Капитан падает на стул, опускает голову на стол.
– Думаете, я при всем этом могу оставаться по-прежнему спокойным? Нет, мне пришлось увидеть много постыдного… О, не только здесь… Я дважды ранен. Но давно подал бы рапорт с просьбой отправить на фронт. Если бы не знал, что тогда здесь…
– Да, пожалуйста, останьтесь! – восклицаю я. – Обещайте мне.
– Я остаюсь. И постараюсь и впредь смягчать, сглаживать. Но ведь это ничего не значит! – со стоном произносит он. – Это лишь капля…
– Послушайте, – перебиваю я, – разве нет способа освободить для изолятора казарму? Не могли бы вы… не могли бы однажды забыть выставить там часового?
Капитан поднимается.
– И что тогда? – глухо спрашивает он.
– Тогда мы ее займем.

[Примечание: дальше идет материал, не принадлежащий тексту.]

(* Let $G$ be a claw-free graph and $C$ an even hole of length $2k$ with $k>2$, labelled $C=\mathbf{b}_0-\mathbf{a}_0-\mathbf{b}_1-\mathbf{a}_1-\dots-\mathbf{b}_{k-1}-\mathbf{a}_{k-1}-\mathbf{b}_0$. Let $\mathbf{s}\notin C$ with $\Gamma_C(\mathbf{s})=\{\mathbf{b}_0,\mathbf{a}_0,\mathbf{b}_1\}$. If a vertex $\mathbf{t}\notin C\cup\{\mathbf{s}\}$ is adjacent to exactly one of $\mathbf{s},\mathbf{a}_0$, then $\mathbf{t}$ is adjacent to exactly one of $\mathbf{b}_0,\mathbf{b}_1$.
   Context: A hole is an induced cycle of length at least 4; an even hole has even length. Claw-free: no induced $K_{1,3}$. $\Gamma_C(\mathbf{s})$ is the set of neighbours of $\mathbf{s}$ in $C$. *)

theory Defs
  imports Main
begin

definition simple_graph :: "'a set \<Rightarrow> ('a \<Rightarrow> 'a \<Rightarrow> bool) \<Rightarrow> bool" where
  "simple_graph V E \<longleftrightarrow>
     (\<forall>x y. E x y \<longrightarrow> E y x) \<and> (\<forall>x. \<not> E x x) \<and> (\<forall>x y. E x y \<longrightarrow> x \<in> V \<and> y \<in> V)"

definition claw_free :: "'a set \<Rightarrow> ('a \<Rightarrow> 'a \<Rightarrow> bool) \<Rightarrow> bool" where
  "claw_free V E \<longleftrightarrow>
     \<not> (\<exists>x\<in>V. \<exists>y\<in>V. \<exists>z\<in>V. \<exists>w\<in>V.
          distinct [y, z, w] \<and> E x y \<and> E x z \<and> E x w \<and>
          \<not> E y z \<and> \<not> E y w \<and> \<not> E z w)"

definition hole :: "'a set \<Rightarrow> ('a \<Rightarrow> 'a \<Rightarrow> bool) \<Rightarrow> 'a list \<Rightarrow> bool" where
  "hole V E c \<longleftrightarrow>
     length c \<ge> 4 \<and> distinct c \<and> set c \<subseteq> V \<and>
     (\<forall>i < length c. \<forall>j < length c.
        E (c ! i) (c ! j) \<longleftrightarrow> (j = Suc i mod length c \<or> i = Suc j mod length c))"

end

theory Submission
  imports Defs
begin

text \<open>Write \<open>b\<^sub>0, a\<^sub>0, b\<^sub>1, a\<^sub>1\<close> for \<open>c ! 0, \<dots>, c ! 3\<close> and \<open>a\<^sub>k\<^sub>-\<^sub>1\<close> for the last vertex of \<open>c\<close>.
  Both \<open>s\<close> and \<open>a\<^sub>0\<close> are common neighbours of the nonadjacent \<open>b\<^sub>0\<close>, \<open>b\<^sub>1\<close> that miss
  \<open>a\<^sub>k\<^sub>-\<^sub>1\<close> and \<open>a\<^sub>1\<close>, so the two cases of the theorem are one local statement with the
  roles of \<open>s\<close> and \<open>a\<^sub>0\<close> exchanged. Say \<open>t\<close> sees \<open>u\<close> but not \<open>w\<close>, where \<open>{u, w} = {s, a\<^sub>0}\<close>.
  If \<open>t\<close> sees neither \<open>b\<^sub>0\<close> nor \<open>b\<^sub>1\<close>, then \<open>u\<close> centres a claw. If \<open>t\<close> sees both, the claws
  at \<open>b\<^sub>0\<close> and \<open>b\<^sub>1\<close> force \<open>t\<close> to see \<open>a\<^sub>k\<^sub>-\<^sub>1\<close> and \<open>a\<^sub>1\<close>, and then \<open>t\<close> centres the claw
  \<open>u, a\<^sub>k\<^sub>-\<^sub>1, a\<^sub>1\<close>; this last step needs \<open>a\<^sub>k\<^sub>-\<^sub>1\<close> and \<open>a\<^sub>1\<close> nonadjacent, i.e. a hole of
  length at least 6.\<close>

lemma simple_graph_sym: "simple_graph V E \<Longrightarrow> E x y = E y x"
  unfolding simple_graph_def by blast

lemma simple_graph_vertices: "simple_graph V E \<Longrightarrow> E x y \<Longrightarrow> x \<in> V \<and> y \<in> V"
  unfolding simple_graph_def by blast

lemma claw_freeD:
  assumes "simple_graph V E" "claw_free V E"
    and "E x y" "E x z" "E x w" "distinct [y, z, w]"
  shows "E y z \<or> E y w \<or> E z w"
  using assms simple_graph_vertices[OF assms(1)] unfolding claw_free_def by blast

lemma claw_free_common_neighbours:
  assumes G: "simple_graph V E" and cf: "claw_free V E"
    and "E u b\<^sub>0" "E u b\<^sub>1" "E w b\<^sub>0" "E w b\<^sub>1" "\<not> E b\<^sub>0 b\<^sub>1"
    and "E p b\<^sub>0" "\<not> E p b\<^sub>1" "E q b\<^sub>1" "\<not> E q b\<^sub>0" "\<not> E p q"
    and "\<not> E u p" "\<not> E u q" "\<not> E w p" "\<not> E w q"
    and "E t u" "\<not> E t w" "t \<noteq> w"
  shows "E t b\<^sub>0 \<noteq> E t b\<^sub>1"
proof
  note sym = simple_graph_sym[OF G]
  note claw = claw_freeD[OF G cf]
  assume same: "E t b\<^sub>0 = E t b\<^sub>1"
  have distinct_vertices: "b\<^sub>0 \<noteq> b\<^sub>1" "t \<noteq> b\<^sub>0" "t \<noteq> b\<^sub>1" "p \<noteq> w" "p \<noteq> t" "q \<noteq> w" "q \<noteq> t"
    "u \<noteq> p" "u \<noteq> q" "p \<noteq> q"
    using assms sym by metis+
  show False
  proof (cases "E t b\<^sub>0")
    case False
    then show False
      using claw[of u b\<^sub>0 b\<^sub>1 t] same distinct_vertices assms sym by auto
  next
    case True
    have "E t p"
      using claw[of b\<^sub>0 p w t] True distinct_vertices assms sym by auto
    moreover have "E t q"
      using claw[of b\<^sub>1 w q t] True same distinct_vertices assms sym by auto
    ultimately show False
      using claw[of t u p q] distinct_vertices assms sym by auto
  qed
qed

lemma hole_nth_adj_iff:
  "hole V E c \<Longrightarrow> i < length c \<Longrightarrow> j < length c \<Longrightarrow>
    E (c ! i) (c ! j) \<longleftrightarrow> (j = Suc i mod length c \<or> i = Suc j mod length c)"
  unfolding hole_def by blast

theorem corollary3:
  fixes V :: "'a set" and E :: "'a \<Rightarrow> 'a \<Rightarrow> bool" and c :: "'a list"
    and k :: nat and s t :: 'a
  assumes "simple_graph V E"
    and "claw_free V E"
    and "hole V E c"
    and "length c = 2 * k"
    and "k > 2"
    and "s \<in> V" and "s \<notin> set c"
    and "{v \<in> set c. E s v} = {c ! 0, c ! 1, c ! 2}"
    and "t \<in> V" and "t \<notin> set c" and "t \<noteq> s"
    and "E t s \<noteq> E t (c ! 1)"
  shows "E t (c ! 0) \<noteq> E t (c ! 2)"
proof -
  obtain m where len: "length c = Suc m" "m \<ge> 5"
    using assms(4,5) by (intro that[of "2 * k - 1"]) auto
  have path: "E (c ! 1) (c ! 0)" "E (c ! 1) (c ! 2)" "\<not> E (c ! 0) (c ! 2)"
    "E (c ! m) (c ! 0)" "\<not> E (c ! m) (c ! 2)" "E (c ! 3) (c ! 2)" "\<not> E (c ! 3) (c ! 0)"
    "\<not> E (c ! m) (c ! 3)" "\<not> E (c ! 1) (c ! m)" "\<not> E (c ! 1) (c ! 3)"
    using len by (simp_all add: hole_nth_adj_iff[OF assms(3)])
  have t_neq_a0: "t \<noteq> c ! 1" using assms(10) len by auto
  have "distinct c" using assms(3) unfolding hole_def by blast
  then have "c ! m \<notin> {c ! 0, c ! 1, c ! 2}" "c ! 3 \<notin> {c ! 0, c ! 1, c ! 2}"
    using len by (simp_all add: nth_eq_iff_index_eq)
  moreover have "E s v \<longleftrightarrow> v \<in> {c ! 0, c ! 1, c ! 2}" if "v \<in> set c" for v
    using assms(8) that by blast
  ultimately have s_adj: "E s (c ! 0)" "E s (c ! 2)" "\<not> E s (c ! m)" "\<not> E s (c ! 3)"
    using len by simp_all
  show ?thesis
  proof (cases "E t s")
    case True
    then show ?thesis
      using claw_free_common_neighbours[OF assms(1,2), of s "c ! 0" "c ! 2" "c ! 1" "c ! m" "c ! 3" t]
        path s_adj t_neq_a0 assms(12) by blast
  next
    case False
    then show ?thesis
      using claw_free_common_neighbours[OF assms(1,2), of "c ! 1" "c ! 0" "c ! 2" s "c ! m" "c ! 3" t]
        path s_adj assms(11,12) simple_graph_sym[OF assms(1), of s] by metis
  qed
qed

end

А когда мы туда проникнем… Нет, выгнать нас оттуда он не осмелится…
– Хорошо…
– И вот еще что: придите как-нибудь к нам! Ручаюсь, с вами ничего не случится! Но до сих пор вы лишь слышали, как там у нас. Вам нужно хотя бы раз увидеть, самому увидеть…
– Я приду. Но сейчас вам следует уйти. Никто не должен знать, что мы с вами тайком разговаривали. Меня разжалуют и отправят в Сибирь, если он узнает, что я…

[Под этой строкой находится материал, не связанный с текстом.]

lemma quad_form_sqrt_unique_minimizer:
  fixes B :: "real^'n^'n"
  assumes selfadj: "\<And>x y. (B *v x) \<bullet> y = x \<bullet> (B *v y)"
    and posdef: "\<forall>x. x \<noteq> 0 \<longrightarrow> x \<bullet> (B *v x) > 0"
    and "h > 0" "r \<ge> 0" "w \<bullet> (B *v w) < h^2"
  shows "unique_minimizer_on UNIV
           (\<lambda>u. - (w \<bullet> (B *v u)) + h * sqrt (u \<bullet> (B *v u) + r^2))
           ((r / sqrt (h^2 - w \<bullet> (B *v w))) *\<^sub>R w)"
proof -
  define s where "s = w \<bullet> (B *v w)"
  define q where "q = sqrt (h^2 - s)"
  define G where "G = (\<lambda>u. - (w \<bullet> (B *v u)) + h * sqrt (u \<bullet> (B *v u) + r^2))"
  have q: "q > 0" "h^2 = s + q^2"
    using assms(5) unfolding q_def s_def by simp_all
  have "G ((r / q) *\<^sub>R w) = - ((r / q) * s) + h * sqrt ((r / q)^2 * s + r^2)"
    unfolding G_def s_def by (simp add: matrix_vector_mult_scaleR power2_eq_square mult.assoc)
  then have at_minimizer: "G ((r / q) *\<^sub>R w) = r * q"
    using completed_square_value[OF q(1) assms(3,4) q(2)] by simp
  have "r * q \<le> G u \<and> (G u \<le> r * q \<longrightarrow> u = (r / q) *\<^sub>R w)" for u
  proof -
    define M where "M = (u - (r / q) *\<^sub>R w) \<bullet> (B *v (u - (r / q) *\<^sub>R w))"
    have "M = u \<bullet> (B *v u) - 2 * (r / q) * (w \<bullet> (B *v u)) + (r / q)^2 * s"
      unfolding M_def s_def by (rule quad_form_diff_scaleR[OF selfadj])
    note bound = completed_square_bound[OF q(1) assms(3) q(2)
        quad_form_cauchy_schwarz[OF selfadj posdef, of w u, folded s_def]
        quad_form_nonneg[OF posdef, of u] this
        quad_form_nonneg[OF posdef, of "u - (r / q) *\<^sub>R w", folded M_def]]
    show ?thesis
      using bound quad_form_eq_0_iff[OF posdef] unfolding G_def M_def by auto
  qed
  then show ?thesis
    using at_minimizer unfolding unique_minimizer_on_def G_def q_def s_def by auto
qed

lemma quad_form_sqrt_unique_minimizer_on_subspace:
  fixes B :: "real^'n^'n"
  assumes selfadj: "\<And>x y. (B *v x) \<bullet> y = x \<bullet> (B *v y)"
    and posdef: "\<forall>x. x \<noteq> 0 \<longrightarrow> x \<bullet> (B *v x) > 0"
    and "h > 0" "w \<bullet> (B *v w) < h^2"
    and S: "subspace S" "P \<in> S" "w \<in> S" "\<And>u. u \<in> S \<Longrightarrow> u \<bullet> (B *v Q) = 0"
  shows "unique_minimizer_on S
           (\<lambda>\<phi>. - ((B *v w) \<bullet> \<phi>) + h * sqrt ((P + Q - \<phi>) \<bullet> (B *v (P + Q - \<phi>))))
           (P + (sqrt (Q \<bullet> (B *v Q)) / sqrt (h^2 - w \<bullet> (B *v w))) *\<^sub>R w)"
proof (rule unique_minimizer_on_shift)
  show "unique_minimizer_on UNIV
      (\<lambda>u. - (w \<bullet> (B *v u)) + h * sqrt (u \<bullet> (B *v u) + (sqrt (Q \<bullet> (B *v Q)))^2))
      ((sqrt (Q \<bullet> (B *v Q)) / sqrt (h^2 - w \<bullet> (B *v w))) *\<^sub>R w)"
    using quad_form_nonneg[OF posdef, of Q]
    by (intro quad_form_sqrt_unique_minimizer[OF selfadj posdef assms(3) _ assms(4)]) simp
  show "P + (sqrt (Q \<bullet> (B *v Q)) / sqrt (h^2 - w \<bullet> (B *v w))) *\<^sub>R w \<in> S"
    using S by (simp add: subspace_add subspace_scale)
next
  fix \<phi> assume "\<phi> \<in> S"
  then have "(\<phi> - P) \<bullet> (B *v Q) = 0"
    using S by (simp add: subspace_diff)
  then have "(P + Q - \<phi>) \<bullet> (B *v (P + Q - \<phi>)) = (\<phi> - P) \<bullet> (B *v (\<phi> - P)) + Q \<bullet> (B *v Q)"
    using quad_form_diff_orthogonal[OF selfadj, of "\<phi> - P" Q] by (simp add: algebra_simps)
  then show "- ((B *v w) \<bullet> \<phi>) + h * sqrt ((P + Q - \<phi>) \<bullet> (B *v (P + Q - \<phi>)))
      = - ((B *v w) \<bullet> P) + (- (w \<bullet> (B *v (\<phi> - P)))
          + h * sqrt ((\<phi> - P) \<bullet> (B *v (\<phi> - P)) + (sqrt (Q \<bullet> (B *v Q)))^2))"
    using quad_form_nonneg[OF posdef, of Q] selfadj[of w "\<phi> - P"]
    by (simp add: inner_diff_right)
qed

lemma quad_form_inverse_less:
  fixes A B :: "real^'n^'n"
  assumes "\<forall>x. x \<bullet> (B *v x) \<ge> \<alpha> * (norm x)^2" "\<alpha> > 0"
    and "B *v (A *v \<xi>) = \<xi>" "norm \<xi> < h * sqrt \<alpha>"
  shows "\<xi> \<bullet> (A *v \<xi>) < h^2"
proof -
  define w where "w = A *v \<xi>"
  define s where "s = \<xi> \<bullet> w"
  have "w \<bullet> (B *v w) = s"
    using assms(3) unfolding s_def w_def by (simp add: inner_commute)
  then have lower: "\<alpha> * (norm w)^2 \<le> s"
    using assms(1) by metis
  have upper: "s \<le> norm \<xi> * norm w"
    unfolding s_def by (rule norm_cauchy_schwarz)
  have "\<alpha> * norm w \<le> norm \<xi>"
  proof (cases "w = 0")
    case False
    have "(\<alpha> * norm w) * norm w \<le> norm \<xi> * norm w"
      using lower upper by (simp add: power2_eq_square mult.assoc)
    then show ?thesis
      by (rule mult_right_le_imp_le) (simp add: False)
  qed simp
  have "s * \<alpha> \<le> (norm \<xi> * norm w) * \<alpha>"
    using upper assms(2) by simp
  also have "\<dots> = norm \<xi> * (\<alpha> * norm w)"
    by (simp add: ac_simps)
  also have "\<dots> \<le> (norm \<xi>)^2"
    using \<open>\<alpha> * norm w \<le> norm \<xi>\<close> by (simp add: power2_eq_square mult_left_mono)
  also have "\<dots> < (h * sqrt \<alpha>)^2"
    using assms(4) by (simp add: power_strict_mono)
  also have "\<dots> = h^2 * \<alpha>"
    using assms(2) by (simp add: power_mult_distrib)
  finally show ?thesis
    using assms(2) unfolding s_def w_def by simp
qed

subsection \<open>The subspaces \<open>Im \<sigma>\<^sup>T\<close> and \<open>Ker \<sigma>\<close>\<close>

lemma subspace_im_tr: "subspace (im_tr \<sigma>)"
  unfolding im_tr_def by (rule linear_subspace_image[OF matrix_vector_mul_linear subspace_UNIV])

lemma subspace_ker: "subspace (ker \<sigma>)"
  unfolding ker_def subspace_def by (simp add: matrix_vector_right_distrib matrix_vector_mult_scaleR)

lemma im_tr_orthogonal_ker:
  assumes "x \<in> im_tr \<sigma>" "k \<in> ker \<sigma>"
  shows "x \<bullet> k = 0"
proof -
  obtain y where "x = transpose \<sigma> *v y"
    using assms(1) unfolding im_tr_def by auto
  then have "x \<bullet> k = y \<bullet> (\<sigma> *v k)"
    by (simp add: dot_lmul_matrix)
  then show ?thesis
    using assms(2) unfolding ker_def by simp
qed

lemma orthogonal_im_tr_imp_ker:
  assumes "\<forall>x\<in>im_tr \<sigma>. z \<bullet> x = 0"
  shows "z \<in> ker \<sigma>"
proof -
  have "z \<bullet> (transpose \<sigma> *v (\<sigma> *v z)) = 0"
    using assms unfolding im_tr_def by blast
  moreover have "z \<bullet> (transpose \<sigma> *v (\<sigma> *v z)) = (\<sigma> *v z) \<bullet> (\<sigma> *v z)"
    by (simp add: inner_commute[of z] dot_lmul_matrix)
  ultimately show ?thesis
    unfolding ker_def by simp
qed

lemma im_tr_ker_decomp: "\<exists>p\<in>im_tr \<sigma>. v - p \<in> ker \<sigma>"
proof -
  have span: "span (im_tr \<sigma>) = im_tr \<sigma>"
    using subspace_im_tr by simp
  obtain y z where "y \<in> span (im_tr \<sigma>)" "\<And>x. x \<in> span (im_tr \<sigma>) \<Longrightarrow> orthogonal z x"
    "v = y + z"
    using orthogonal_subspace_decomp_exists by blast
  then show ?thesis
    using orthogonal_im_tr_imp_ker span unfolding orthogonal_def by (intro bexI[of _ y]) auto
qed

lemma orthogonal_ker_imp_im_tr:
  assumes "\<forall>k\<in>ker \<sigma>. v \<bullet> k = 0"
  shows "v \<in> im_tr \<sigma>"
proof -
  obtain p where p: "p \<in> im_tr \<sigma>" "v - p \<in> ker \<sigma>"
    using im_tr_ker_decomp by blast
  then have "(v - p) \<bullet> (v - p) = 0"
    using assms im_tr_orthogonal_ker by (simp add: inner_diff_left)
  then show ?thesis
    using p by simp
qed

lemma orth_proj_eqI:
  fixes S :: "(real^'n) set"
  assumes "subspace S" "p \<in> S" "\<forall>y\<in>S. (x - p) \<bullet> y = 0"
  shows "orth_proj S x = p"
  unfolding orth_proj_def
proof (rule the_equality)
  show "p \<in> S \<and> (\<forall>y\<in>S. (x - p) \<bullet> y = 0)"
    using assms by blast
next
  fix q assume q: "q \<in> S \<and> (\<forall>y\<in>S. (x - q) \<bullet> y = 0)"
  have "(p - q) \<bullet> (p - q) = (x - q) \<bullet> (p - q) - (x - p) \<bullet> (p - q)"
    by (simp add: algebra_simps)
  also have "\<dots> = 0"
    using assms q by (simp add: subspace_diff)
  finally show "q = p" by simp
qed

lemma orth_proj_im_tr_ker:
  "orth_proj (im_tr \<sigma>) Z \<in> im_tr \<sigma> \<and> orth_proj (ker \<sigma>) Z \<in> ker \<sigma>
     \<and> orth_proj (im_tr \<sigma>) Z + orth_proj (ker \<sigma>) Z = Z"
proof -
  obtain P where P: "P \<in> im_tr \<sigma>" "Z - P \<in> ker \<sigma>"
    using im_tr_ker_decomp by blast
  have "\<forall>y\<in>im_tr \<sigma>. (Z - P) \<bullet> y = 0"
    using im_tr_orthogonal_ker[OF _ P(2)] inner_commute by metis
  then have "orth_proj (im_tr \<sigma>) Z = P"
    by (rule orth_proj_eqI[OF subspace_im_tr P(1)])
  moreover have "\<forall>y\<in>ker \<sigma>. (Z - (Z - P)) \<bullet> y = 0"
    using P(1) by (simp add: im_tr_orthogonal_ker)
  then have "orth_proj (ker \<sigma>) Z = Z - P"
    by (rule orth_proj_eqI[OF subspace_ker P(2)])
  ultimately show ?thesis
    using P by simp
qed

lemma im_tr_invariant_inverse:
  fixes A B :: "real^'n^'n"
  assumes "(\<lambda>x. B *v x) ` ker \<sigma> = ker \<sigma>"
    and "\<And>x y. (A *v x) \<bullet> y = x \<bullet> (A *v y)" "\<And>x. A *v (B *v x) = x"
    and "\<xi> \<in> im_tr \<sigma>"
  shows "A *v \<xi> \<in> im_tr \<sigma>"
proof (rule orthogonal_ker_imp_im_tr, intro ballI)
  fix k assume "k \<in> ker \<sigma>"
  then obtain k' where "k' \<in> ker \<sigma>" "k = B *v k'"
    using assms(1) by blast
  then show "(A *v \<xi>) \<bullet> k = 0"
    using assms(2-4) im_tr_orthogonal_ker by simp
qed

theorem lemma5p1:
  fixes \<sigma> :: "real^'n^'d" and A :: "real^'n^'n" and h \<alpha>' :: real
    and Z \<xi> :: "real^'n"
  assumes "CARD('d) < CARD('n)"
    and "rank \<sigma> = CARD('d)"
    and "transpose A = A"
    and "\<forall>x. x \<noteq> 0 \<longrightarrow> x \<bullet> (A *v x) > 0"
    and "h > 0"
    and "\<xi> \<in> im_tr \<sigma>"
    and "\<alpha>' > 0"
    and "\<forall>x. x \<bullet> (matrix_inv A *v x) \<ge> \<alpha>' * (norm x)^2"
    and "norm \<xi> < h * sqrt \<alpha>'"
    and "(\<lambda>x. matrix_inv A *v x) ` ker \<sigma> = ker \<sigma>"
  shows
    "let F = (\<lambda>\<phi>. - (\<xi> \<bullet> \<phi>) + h * sqrt ((Z - \<phi>) \<bullet> (matrix_inv A *v (Z - \<phi>))));
         Pp = orth_proj (ker \<sigma>) Z;
         \<phi>b = orth_proj (im_tr \<sigma>) Z
               + (sqrt (Pp \<bullet> (matrix_inv A *v Pp)) / sqrt (h^2 - \<xi> \<bullet> (A *v \<xi>))) *\<^sub>R (A *v \<xi>)
     in \<phi>b \<in> im_tr \<sigma> \<and> (\<forall>\<phi>\<in>im_tr \<sigma>. F \<phi>b \<le> F \<phi>)
        \<and> (\<forall>\<phi>\<in>im_tr \<sigma>. F \<phi> \<le> F \<phi>b \<longrightarrow> \<phi> = \<phi>b)"
proof -
  define B where "B = matrix_inv A"
  define P where "P = orth_proj (im_tr \<sigma>) Z"
  define Q where "Q = orth_proj (ker \<sigma>) Z"
  have cancel: "\<And>x. A *v (B *v x) = x" "\<And>x. B *v (A *v x) = x"
    unfolding B_def using matrix_inv_cancel positive_definite_invertible assms(4) by blast+
  have A_selfadj: "\<And>x y. (A *v x) \<bullet> y = x \<bullet> (A *v y)"
    using symmetric_matrix_self_adjoint[OF assms(3)] .
  note B_selfadj = self_adjoint_inverse[OF A_selfadj cancel]
  have B_posdef: "\<forall>x. x \<noteq> 0 \<longrightarrow> x \<bullet> (B *v x) > 0"
    using coercive_imp_positive_definite assms(7,8) unfolding B_def by blast
  have PQ: "P \<in> im_tr \<sigma>" "Z = P + Q" "Q \<in> ker \<sigma>"
    using orth_proj_im_tr_ker[of \<sigma> Z] unfolding P_def Q_def by auto
  have "u \<bullet> (B *v Q) = 0" if "u \<in> im_tr \<sigma>" for u
    using im_tr_orthogonal_ker[OF that] PQ(3) assms(10) unfolding B_def by blast
  moreover have "(A *v \<xi>) \<bullet> (B *v (A *v \<xi>)) < h^2"
    using quad_form_inverse_less[OF assms(8,7) _ assms(9)] cancel(2) unfolding B_def
    by (simp add: inner_commute)
  ultimately have "unique_minimizer_on (im_tr \<sigma>)
      (\<lambda>\<phi>. - ((B *v (A *v \<xi>)) \<bullet> \<phi>) + h * sqrt ((P + Q - \<phi>) \<bullet> (B *v (P + Q - \<phi>))))
      (P + (sqrt (Q \<bullet> (B *v Q)) / sqrt (h^2 - (A *v \<xi>) \<bullet> (B *v (A *v \<xi>)))) *\<^sub>R (A *v \<xi>))"
    using quad_form_sqrt_unique_minimizer_on_subspace[OF B_selfadj B_posdef assms(5) _
        subspace_im_tr PQ(1) im_tr_invariant_inverse[OF _ A_selfadj cancel(1) assms(6)]]
      assms(10) unfolding B_def by blast
  then show ?thesis
    unfolding unique_minimizer_on_def Let_def PQ(2)[symmetric] cancel(2)
    by (simp add: P_def Q_def B_def inner_commute)
qed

Капитан пожимает мне обе руки.
– Вот, возьмите… – Он протягивает мне пачку сигарет. – А теперь идите… Я все сделаю! С Богом!
Как тепло и доброжелательно было его рукопожатие! Как по-доброму звучал его голос!

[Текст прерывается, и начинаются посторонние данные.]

definition star_tw :: "(enat \<Rightarrow> enat) \<Rightarrow> (enat \<Rightarrow> enat)" where
  "star_tw f = (GREATEST h. time_warp h \<and> f \<circ> h \<le> pred_tw)"

datatype 'v trm = Var 'v | Meet "'v trm" "'v trm" | Join "'v trm" "'v trm"
  | Mult "'v trm" "'v trm" | Star "'v trm" | One

fun basic :: "'v trm \<Rightarrow> bool" where
  "basic (Var x) = True"
| "basic (Meet t u) = False"
| "basic (Join t u) = False"
| "basic (Mult t u) = (basic t \<and> basic u)"
| "basic (Star t) = basic t"
| "basic One = True"

fun eval :: "('v \<Rightarrow> enat \<Rightarrow> enat) \<Rightarrow> 'v trm \<Rightarrow> enat \<Rightarrow> enat" where
  "eval h (Var x) = h x"
| "eval h (Meet t u) = inf (eval h t) (eval h u)"
| "eval h (Join t u) = sup (eval h t) (eval h u)"
| "eval h (Mult t u) = eval h t \<circ> eval h u"
| "eval h (Star t) = star_tw (eval h t)"
| "eval h One = id"

datatype ('v, 'k) sample = TV 'k | App "'v trm" "('v, 'k) sample"
  | SucS "('v, 'k) sample" | LastS "'v trm"

inductive leadsto :: "('v, 'k) sample \<Rightarrow> ('v, 'k) sample \<Rightarrow> bool" where
  "leadsto (App t a) a"
| "leadsto (SucS a) a"
| "leadsto (App t a) (App t (LastS t))"
| "leadsto (App (Mult t u) a) (App t (App u a))"
| "leadsto (App (Star t) a) (App t (App (Star t) a))"
| "leadsto (App (Star t) a) (App t (SucS (App (Star t) a)))"

definition saturation :: "('v, 'k) sample set \<Rightarrow> ('v, 'k) sample set" where
  "saturation S = {b. \<exists>a\<in>S. leadsto\<^sup>*\<^sup>* a b}"

definition diagram :: "('v, 'k) sample set \<Rightarrow> (('v, 'k) sample \<Rightarrow> enat) \<Rightarrow> bool" where
  "diagram D d \<longleftrightarrow>
    (\<forall>t a b. a \<in> D \<and> b \<in> D \<and> App t a \<in> D \<and> App t b \<in> D \<longrightarrow>
        d a \<le> d b \<longrightarrow> d (App t a) \<le> d (App t b)) \<and>
    (\<forall>t a. a \<in> D \<and> App t a \<in> D \<longrightarrow> d a = 0 \<longrightarrow> d (App t a) = 0) \<and>
    (\<forall>a. a \<in> D \<and> SucS a \<in> D \<longrightarrow> d (SucS a) = eSuc (d a)) \<and>
    (\<forall>t a. App t a \<in> D \<and> a \<in> D \<and> LastS t \<in> D \<and> App t (LastS t) \<in> D \<longrightarrow>
        (d (LastS t) \<le> d a \<longleftrightarrow> d (App t (LastS t)) = d (App t a))) \<and>
    (\<forall>t. LastS t \<in> D \<and> App t (LastS t) \<in> D \<longrightarrow> d (LastS t) = \<infinity> \<longrightarrow> d (App t (LastS t)) = \<infinity>) \<and>
    (\<forall>a. App One a \<in> D \<and> a \<in> D \<longrightarrow> d (App One a) = d a) \<and>
    (LastS One \<in> D \<longrightarrow> d (LastS One) = \<infinity>) \<and>
    (\<forall>t u a. App (Mult t u) a \<in> D \<and> App t (App u a) \<in> D \<longrightarrow>
        d (App (Mult t u) a) = d (App t (App u a))) \<and>
    (\<forall>t u. LastS (Mult t u) \<in> D \<and> LastS t \<in> D \<and> LastS u \<in> D \<longrightarrow>
        d (LastS (Mult t u)) = \<infinity> \<longrightarrow> d (LastS t) = \<infinity> \<and> d (LastS u) = \<infinity>) \<and>
    (\<forall>t a. App (Star t) a \<in> D \<and> a \<in> D \<and> App t (App (Star t) a) \<in> D \<longrightarrow>
        0 < d a \<and> d a < \<infinity> \<longrightarrow> d (App t (App (Star t) a)) < d a) \<and>
    (\<forall>t a. App (Star t) a \<in> D \<and> a \<in> D \<and> App t (SucS (App (Star t) a)) \<in> D \<longrightarrow>
        d (App (Star t) a) < \<infinity> \<longrightarrow> d a \<le> d (App t (SucS (App (Star t) a)))) \<and>
    (\<forall>t. LastS (Star t) \<in> D \<and> LastS t \<in> D \<longrightarrow> d (LastS (Star t)) = \<infinity> \<longrightarrow> d (LastS t) = \<infinity>)"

Брюнн сидит на опустевших нарах. Волосы его спутаны, бородка свисает, глаза беспокойно бегают. Кончиками пальцев он держит вошь.
– И вот в таком чудовище смерть, да? – говорит он плаксиво. – Такое маленькое и неприметное – просто не верится…
Глаза его стекленеют, словно под гипнозом неподвижно смотрят на светло-серую точку, которая судорожными движениями пытается высвободиться из его ногтей.
– Хочешь укусить меня? Заразить? Или уже заразила?..
Вдруг он давит ее, швыряет на нары, исступленно топчет обеими ногами.
– Ты, зверь! – пронзительно кричит он. – Чудовище! Хочешь убить меня? Хочешь убить нас всех?
Сегодня казачий капитан был в нашем бараке. Первым его заметил Под.
– У дверей стоит русский офицер и хочет поговорить с тобой, – сообщает он мне.
– Он собирается осмотреть наш барак, Под! – на ходу говорю я. – Но с ним ничего не должно случиться! Возьми с собой Артиста… Шнарренберг, пойдемте и вы…
Мы вчетвером идем к дверям встретить его.
– Благодарю вас, – тихо говорю я.
Он прикладывает руку к шапке.
– Прошу вас, быстрее! – вырывается у него.
Лицо у капитана совершенно зеленое. Вид у него такой, словно его сейчас стошнит. Это от непереносимой вони в нашей яме? Мы ее уже не замечаем, мы почти не выходим наружу, мы не знаем иного.
В первом же боковом проходе друг на друге лежат двенадцать трупов. Мы ждем врача, чтобы потом вынести их. Со второго яруса нар сочится слизь. На этих нарах лежат больные дизентерией. Мы уже восемь суток ждем их смерти, однако они цепляются за жизнь. Пол в лужах полузамерзшей мочи и растоптанного кала.
– Убейте это русское чудовище! – доносится пронзительный голос из дальнего прохода. Мы знаем его, этот голос принадлежит Баварцу.
Под прижимается к капитану и крепче сжимает полено. Хачек идет впереди, без оружия. Шнарренберг и я идем справа и слева.
Один штириец, упав на колени, распевает монотонный псалом. Пение доносится словно погребальная песня. Босняк ритмично кланяется, обернув пергаментное лицо к Мекке, молясь на своих нарах. Больной брюшным тифом, в бреду скатившийся с нар, безуспешно пытается снова вскарабкаться на них.
Мы приходим в наш угол.
– Вот тут живем мы, господин капитан!